Hands-on: Summarize data
- MultiQC tool with the following parameters:
- In “Results”:
- param-repeat “Insert Results”
- “Which tool was used generate logs?”:
fastp
- param-file “Output of fastp”:
report_json
(output of fastp tool)- param-repeat “Insert Results”
- “Which tool was used generate logs?”:
Samtools
- In “Samtools output”:
- param-repeat “Insert Samtools output”
- “Type of Samtools output?”:
stats
- param-file “Samtools stats output”:
output
(output of Samtools stats tool)- param-repeat “Insert Results”
- “Which tool was used generate logs?”:
Picard
- In “Picard output”:
- param-repeat “Insert Picard output”
- “Type of Picard output?”:
Markdups
- param-file “Picard output”:
metrics_file
(output of MarkDuplicates tool)- param-repeat “Insert Results”

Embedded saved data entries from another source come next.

text \<open>By rotation invariance every strip through the origin carries the mass of
  \<open>{w. \<bar>Re w\<bar> < c}\<close>, and countably many of them cover the plane.\<close>
lemma std_CES_measure_strip_pos:
  assumes "std_CES M" "0 < c"
  shows "0 < measure M {w. \<bar>Re w\<bar> < c}"
proof (rule ccontr)
  assume "\<not> 0 < measure M {w. \<bar>Re w\<bar> < c}"
  then have null: "measure M {w. \<bar>Re w\<bar> < c} = 0"
    using measure_nonneg[of M "{w. \<bar>Re w\<bar> < c}"] by linarith
  interpret prob_space M
    using std_CES_D(1)[OF assms(1)] .
  have strip_null: "{w. \<bar>Re (cnj z * w)\<bar> < c * cmod z} \<in> null_sets M" for z
  proof -
    have "measure M {w. \<bar>Re (cnj z * w)\<bar> < c * cmod z}
        = measure M {w. \<bar>cmod z * Re w\<bar> < c * cmod z}"
      using std_CES_measure_Re_cnj_mult[OF assms(1), of "{y. \<bar>y\<bar> < c * cmod z}" z]
      by (simp add: borel_open open_Collect_less continuous_intros)
    also have "\<dots> = 0"
      using null by (cases "z = 0") (simp_all add: abs_mult)
    finally show ?thesis
      using std_CES_D(2)[OF assms(1)]
      by (simp add: null_sets_def emeasure_eq_measure borel_open open_Collect_less continuous_intros)
  qed
  obtain D :: "complex set"
    where "countable D" and dense: "\<And>X. open X \<Longrightarrow> X \<noteq> {} \<Longrightarrow> \<exists>d\<in>D. d \<in> X"
    using countable_dense_exists by blast
  then have "(\<Union>z\<in>D. {w. \<bar>Re (cnj z * w)\<bar> < c * cmod z}) \<in> null_sets M"
    using strip_null by (intro null_sets_UN')
  moreover have "space M \<subseteq> (\<Union>z\<in>D. {w. \<bar>Re (cnj z * w)\<bar> < c * cmod z})"
    using complex_strips_cover[OF dense assms(2)] by blast
  ultimately have "space M \<in> null_sets M"
    using null_sets_subset by blast
  then show False
    by (simp add: null_sets_def emeasure_space_1)
qed

lemma CES_cdf_neg_less_half:
  assumes "std_CES M" "x < 0"
  shows "CES_cdf M x < 1 / 2"
proof -
  interpret prob_space M
    using std_CES_D(1)[OF assms(1)] .
  define A where "A = {w. Re w \<le> x}"
  define B where "B = {w. \<bar>Re w\<bar> < - x}"
  define C where "C = {w. - x \<le> Re w}"
  have sets: "A \<in> sets M" "B \<in> sets M" "C \<in> sets M"
    unfolding A_def B_def C_def std_CES_D(2)[OF assms(1)]
    by (intro borel_closed borel_open closed_Collect_le open_Collect_less continuous_intros)+
  have "A \<union> B \<union> C = space M"
    using std_CES_D(3)[OF assms(1)] by (auto simp: A_def B_def C_def)
  then have "1 = measure M (A \<union> B \<union> C)"
    by (metis prob_space)
  also have "\<dots> = measure M (A \<union> B) + measure M C"
    using sets assms(2) by (intro finite_measure_Union) (auto simp: A_def B_def C_def)
  also have "measure M (A \<union> B) = measure M A + measure M B"
    using sets assms(2) by (intro finite_measure_Union) (auto simp: A_def B_def)
  also have "measure M C = measure M A"
    unfolding A_def C_def using std_CES_Re_symmetric[OF assms(1)] by simp
  finally show ?thesis
    using std_CES_measure_strip_pos[OF assms(1), of "- x"] assms(2)
    by (simp add: CES_cdf_def A_def B_def)
qed

lemma CES_quantile_nonneg:
  assumes "std_CES M" "1 / 2 \<le> p" "p < 1"
  shows "0 \<le> CES_quantile M p"
proof -
  interpret real_distribution "distr M borel Re"
    using std_CES_D(1)[OF assms(1)]
    by (intro prob_space.real_distribution_distr measurable_std_CES[OF assms(1)]) auto
  have cdf_eq: "CES_cdf M x = cdf (distr M borel Re) x" for x
    using std_CES_D(3)[OF assms(1)]
    by (simp add: CES_cdf_def cdf_def measure_distr measurable_std_CES[OF assms(1)] vimage_def)
  have "\<forall>\<^sub>F x in at_top. p < CES_cdf M x"
    unfolding cdf_eq using order_tendstoD(1)[OF cdf_lim_at_top_prob assms(3)] .
  then obtain x0 where "p \<le> CES_cdf M x0"
    by (metis eventually_at_top_linorder less_imp_le order_refl)
  then have "{x. p \<le> CES_cdf M x} \<noteq> {}"
    by blast
  moreover have "0 \<le> x" if "p \<le> CES_cdf M x" for x
    using CES_cdf_neg_less_half[OF assms(1), of x] assms(2) that by (cases "x < 0") auto
  ultimately show ?thesis
    unfolding CES_quantile_def by (intro cInf_greatest) auto
qed

lemma admissible_k_nonneg: "admissible_k p k \<Longrightarrow> 0 \<le> k"
  unfolding admissible_k_def using CES_quantile_nonneg by auto

text \<open>A fixed point of the map \<open>(u, v) \<mapsto> (\<Pi>\<^sub>S (u + L v), \<Pi>\<^sub>T (v - L\<^sup>* u))\<close>,
  which exists by Brouwer's theorem, satisfies the variational inequalities of a saddle point.\<close>
lemma bilinear_saddle_point_exists:
  fixes S :: "'a::euclidean_space set" and T :: "'b::euclidean_space set" and L :: "'b \<Rightarrow> 'a"
  assumes S: "compact S" "convex S" "S \<noteq> {}" and T: "compact T" "convex T" "T \<noteq> {}"
    and L: "linear L"
  shows "\<exists>us\<in>S. \<exists>vs\<in>T. \<forall>u\<in>S. \<forall>v\<in>T. u \<bullet> L vs \<le> us \<bullet> L vs \<and> us \<bullet> L vs \<le> us \<bullet> L v"
proof -
  have closed: "closed S" "closed T"
    using S T compact_imp_closed by auto
  define F where "F = (\<lambda>(u, v). (closest_point S (u + L v), closest_point T (v - adjoint L u)))"
  have "continuous_on (S \<times> T) F"
    unfolding F_def case_prod_unfold
    by (intro continuous_intros
          continuous_on_compose2[OF continuous_on_closest_point[OF S(2) closed(1) S(3)], where t=UNIV]
          continuous_on_compose2[OF continuous_on_closest_point[OF T(2) closed(2) T(3)], where t=UNIV]
          linear_continuous_on_compose[OF _ L] linear_continuous_on_compose[OF _ adjoint_linear[OF L]])
       auto
  moreover have "F \<in> S \<times> T \<rightarrow> S \<times> T"
    unfolding F_def
    using closest_point_in_set[OF closed(1) S(3)] closest_point_in_set[OF closed(2) T(3)] by auto
  ultimately obtain p where p: "p \<in> S \<times> T" "F p = p"
    using brouwer[of "S \<times> T" F] S T by (auto simp: compact_Times convex_Times)
  then obtain us vs where fixpoint: "us \<in> S" "vs \<in> T" "F (us, vs) = (us, vs)"
    by (cases p) auto
  show ?thesis
  proof (intro bexI ballI conjI)
    fix u assume "u \<in> S"
    with fixpoint closest_point_dot[OF S(2) closed(1) this, of "us + L vs"]
    show "u \<bullet> L vs \<le> us \<bullet> L vs"
      by (simp add: F_def inner_diff_right inner_commute)
  next
    fix v assume "v \<in> T"
    with fixpoint closest_point_dot[OF T(2) closed(2) this, of "vs - adjoint L us"]
    show "us \<bullet> L vs \<le> us \<bullet> L v"
      by (simp add: F_def inner_diff_right adjoint_clauses(2)[OF L])
  qed (use fixpoint in auto)
qed

lemma Re_bilin_eq_inner: "Re (bilin u A v) = u \<bullet> (A *v v)"
proof -
  have "u \<bullet> (A *v v) = (\<Sum>i\<in>UNIV. Re (cnj (u$i) * (A *v v)$i))"
    by (simp add: inner_vec_def inner_complex_def)
  also have "\<dots> = Re (bilin u A v)"
    by (simp only: bilin_def matrix_vector_mult_def vec_lambda_beta sum_distrib_left mult.assoc
          Re_sum)
  finally show ?thesis ..
qed

theorem theorem10:
  fixes A :: "complex^'m^'n"
    and a1 a2 b d p1 p2 k1 k2 :: real
    and muB :: "complex^'n" and muD :: "complex^'m"
    and GB JB :: "complex^'n^'n" and GD JD :: "complex^'m^'m"
  assumes "a1 \<ge> 1 / sqrt (real CARD('n))" and "a2 \<ge> 1 / sqrt (real CARD('m))"
    and "cov_pair GB JB" and "cov_pair GD JD"
    and "admissible_k p1 k1" and "admissible_k p2 k2"
    and "\<exists>u0. u0 \<in> S1 a1 muB b GB JB k1 \<and> norm u0 < a1 \<and> (\<forall>i. 0 < Re (u0$i))
              \<and> Re (lin muB u0) + k1 * sqrt (varq GB JB u0) < b"
    and "\<exists>v0. v0 \<in> S2 a2 muD d GD JD k2 \<and> norm v0 < a2 \<and> (\<forall>i. 0 < Re (v0$i))
              \<and> Re (lin muD v0) - k2 * sqrt (varq GD JD v0) > d"
  shows "\<exists>us \<in> S1 a1 muB b GB JB k1. \<exists>vs \<in> S2 a2 muD d GD JD k2.
           \<forall>u \<in> S1 a1 muB b GB JB k1. \<forall>v \<in> S2 a2 muD d GD JD k2.
             Re (bilin u A vs) \<le> Re (bilin us A vs) \<and> Re (bilin us A vs) \<le> Re (bilin us A v)"
proof -
  have "convex (S1 a1 muB b GB JB k1)" "convex (S2 a2 muD d GD JD k2)"
    using assms(3-6) by (simp_all add: S2_eq_S1_uminus convex_S1 admissible_k_nonneg)
  moreover have "compact (S1 a1 muB b GB JB k1)" "compact (S2 a2 muD d GD JD k2)"
    by (simp_all add: S2_eq_S1_uminus compact_S1)
  moreover have "S1 a1 muB b GB JB k1 \<noteq> {}" "S2 a2 muD d GD JD k2 \<noteq> {}"
    using assms(7,8) by blast+
  ultimately show ?thesis
    unfolding Re_bilin_eq_inner
    by (intro bilinear_saddle_point_exists matrix_vector_mul_linear)
qed

end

- “Which tool was used generate logs?”:
SnpEff
- param-file “Output of SnpEff”:
csvFile
(output of SnpEff eff: tool)
Conclusion
You have seen now how to import public sequencing data into Galaxy, and you have performed the basic steps of variant calling on a batch of RNA-Seq SARS-CoV-2 data.
Galaxy allows you to do a lot more in terms of viral sequence data analysis though. Specifically, the advanced tutorial Mutation calling, viral genome reconstruction and lineage/clade assignment from SARS-CoV-2 sequencing data is highly recommended if you want to learn how to perform a complete and more automated analysis of SARS-CoV-2 sequencing data that does not stop at lists of identified mutations but also produces consensus sequences and lineage assignments for all samples in a batch. This tutorial also shows how to deal with input data other than Illumina paired-end-sequenced RNA-Seq data.